» **EXTRACTED RECORDS**:

lemma mpoly_eval_restrict_vars:
  fixes f :: "'a::comm_semiring_1 mpoly"
  assumes "\<And>j. j \<notin> B \<Longrightarrow> a j = 0"
  shows "mpoly_eval a (restrict_vars B f) = mpoly_eval a f"
  unfolding mpoly_eval_def
proof (rule sum.mono_neutral_cong_left)
  show "Poly_Mapping.keys (restrict_vars B f) \<subseteq> Poly_Mapping.keys f"
    by (auto simp: keys_restrict_vars)
  show "\<forall>m\<in>Poly_Mapping.keys f - Poly_Mapping.keys (restrict_vars B f).
          Poly_Mapping.lookup f m * monom_value a m = 0"
  proof
    fix m assume "m \<in> Poly_Mapping.keys f - Poly_Mapping.keys (restrict_vars B f)"
    then obtain j where "j \<in> Poly_Mapping.keys m" "j \<notin> B" by (auto simp: keys_restrict_vars)
    then show "Poly_Mapping.lookup f m * monom_value a m = 0"
      using assms monom_value_eq_0[of j m a] by simp
  qed
qed (auto simp: keys_restrict_vars lookup_restrict_vars)

lemma mpoly_eval_scale_homogeneous:
  fixes f :: "'a::comm_semiring_1 mpoly"
  assumes "homogeneous f" "m0 \<in> Poly_Mapping.keys f"
  shows "mpoly_eval (\<lambda>j. t * a j) f = t ^ mdeg m0 * mpoly_eval a f"
proof -
  have "mdeg m = mdeg m0" if "m \<in> Poly_Mapping.keys f" for m
    using assms that unfolding homogeneous_def by blast
  then show ?thesis
    unfolding mpoly_eval_def monom_value_scale sum_distrib_left
    by (intro sum.cong) (simp_all add: mult.left_commute)
qed

lemma proj_closed_subset_proj_points: "proj_closed n Z \<Longrightarrow> Z \<subseteq> proj_points n"
  unfolding proj_closed_def proj_zero_set_def by auto
lemma emeasure_gauss_iso_box:
  fixes mu l u :: "real^'n"
  shows "emeasure (gauss_iso mu s) (box l u)
    = (\<Prod>i\<in>UNIV. emeasure (normal_measure (mu$i) s) {l$i<..<u$i})"
proof -
  define f where "f b t = ennreal (normal_density (mu \<bullet> b) s t) * indicator {l\<bullet>b<..<u\<bullet>b} t"
    for b :: "real^'n" and t :: real
  have "emeasure (gauss_iso mu s) (box l u) =
      (\<integral>\<^sup>+x. ennreal (\<Prod>i\<in>UNIV. normal_density (mu $ i) s (x $ i)) * indicator (box l u) x \<partial>lborel)"
    unfolding gauss_iso_def by (subst emeasure_density) auto
  also have "\<dots> = (\<integral>\<^sup>+x. (\<Prod>b\<in>Basis. f b (x \<bullet> b)) \<partial>lborel)"
    by (intro nn_integral_cong)
      (simp add: prod_Basis_vec f_def cart_eq_inner_axis prod.distrib indicator_box_vec
        prod_ennreal normal_density_nonneg)
  also have "\<dots> = (\<Prod>b\<in>Basis. (\<integral>\<^sup>+t. f b t \<partial>lborel))"
    by (rule nn_integral_lborel_prod) (auto simp: f_def)
  also have "\<dots> = (\<Prod>i\<in>UNIV. emeasure (normal_measure (mu$i) s) {l$i<..<u$i})"
    by (simp add: prod_Basis_vec f_def cart_eq_inner_axis emeasure_density)
  finally show ?thesis .
qed
lemma finite_field_power_sum:
  "(\<Sum>x\<in>(UNIV::'k set). x ^ m)
     = (if 0 < m \<and> (CARD('k::{field,finite}) - 1) dvd m then -1 else 0)"
proof (cases "0 < m \<and> (CARD('k) - 1) dvd m")
  case True
  then obtain l where l: "m = (CARD('k) - 1) * l" by blast
  have "(\<Sum>x\<in>(UNIV::'k set). x ^ m) = (\<Sum>x\<in>UNIV - {0}. x ^ m)"
    using True by (simp add: sum.remove[of UNIV 0])
  also have "\<dots> = (\<Sum>x\<in>UNIV - {0::'k}. 1)"
    using finite_field_fermat[where 'k='k] by (intro sum.cong) (auto simp: l power_mult)
  also have "\<dots> = of_nat CARD('k) - 1"
    by (simp add: card_Diff_subset of_nat_diff)
  finally show ?thesis using True of_nat_card_eq_0[where 'k='k] by simp
next
  case False
  show ?thesis
  proof (cases "m = 0")
    case True
    then show ?thesis using of_nat_card_eq_0[where 'k='k] by simp
  next
    case m: False
    obtain c :: 'k where c: "c \<noteq> 0" "c ^ m \<noteq> 1"
      using finite_field_non_root[of m] False m by auto
    have "(\<Sum>x\<in>(UNIV::'k set). x ^ m) = (\<Sum>x\<in>UNIV. (c * x) ^ m)"
      by (rule sum.reindex_bij_witness[of _ "\<lambda>x. c * x" "\<lambda>x. x / c"]) (use c in auto)
    also have "\<dots> = c ^ m * (\<Sum>x\<in>UNIV. x ^ m)"
      by (simp add: power_mult_distrib sum_distrib_left)
    finally have "(1 - c ^ m) * (\<Sum>x\<in>(UNIV::'k set). x ^ m) = 0"
      by (simp add: algebra_simps)
    then show ?thesis using c False by simp
  qed
qed

lemma frobenius_char_two:
  fixes x y :: "'k::field"
  assumes "(2::'k) = 0"
  shows "(x + y) ^ 2 ^ j = x ^ 2 ^ j + y ^ 2 ^ j"
proof (induction j arbitrary: x y)
  case (Suc j)
  have square: "(a + b) ^ 2 = a ^ 2 + b ^ 2" for a b :: 'k
    using assms by (simp add: power2_eq_square algebra_simps mult_2[symmetric])
  show ?case using Suc square by (simp add: power_Suc2 power_mult)
qed simp

text \<open>A pair \<open>(i, j)\<close> stands for the \<open>j\<close>-th binary digit of the \<open>i\<close>-th
  exponent; a set of such pairs has weight \<open>\<Sum> 2^j\<close>.\<close>
definition weight :: "(nat \<times> nat) set \<Rightarrow> nat" where
  "weight X = (\<Sum>p\<in>X. 2 ^ snd p)"

definition digit_positions :: "nat \<Rightarrow> (nat \<Rightarrow> nat) \<Rightarrow> nat set \<Rightarrow> (nat \<times> nat) set" where
  "digit_positions t f I = Sigma I (\<lambda>i. {j\<in>{..<t}. bitn (f i) j = 1})"

lemma finite_digit_positions: "finite I \<Longrightarrow> finite (digit_positions t f I)"
  by (simp add: digit_positions_def)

» **ASSIGNMENT**:
Quote the listing above, but only from the line that shows "finally show ?thesis ." through the line that shows "by (simp add: card_Diff_subset".

» **RESULT**:
  finally show ?thesis .
qed
lemma finite_field_power_sum:
  "(\<Sum>x\<in>(UNIV::'k set). x ^ m)
     = (if 0 < m \<and> (CARD('k::{field,finite}) - 1) dvd m then -1 else 0)"
proof (cases "0 < m \<and> (CARD('k) - 1) dvd m")
  case True
  then obtain l where l: "m = (CARD('k) - 1) * l" by blast
  have "(\<Sum>x\<in>(UNIV::'k set). x ^ m) = (\<Sum>x\<in>UNIV - {0}. x ^ m)"
    using True by (simp add: sum.remove[of UNIV 0])
  also have "\<dots> = (\<Sum>x\<in>UNIV - {0::'k}. 1)"
    using finite_field_fermat[where 'k='k] by (intro sum.cong) (auto simp: l power_mult)
  also have "\<dots> = of_nat CARD('k) - 1"
    by (simp add: card_Diff_subset of_nat_diff)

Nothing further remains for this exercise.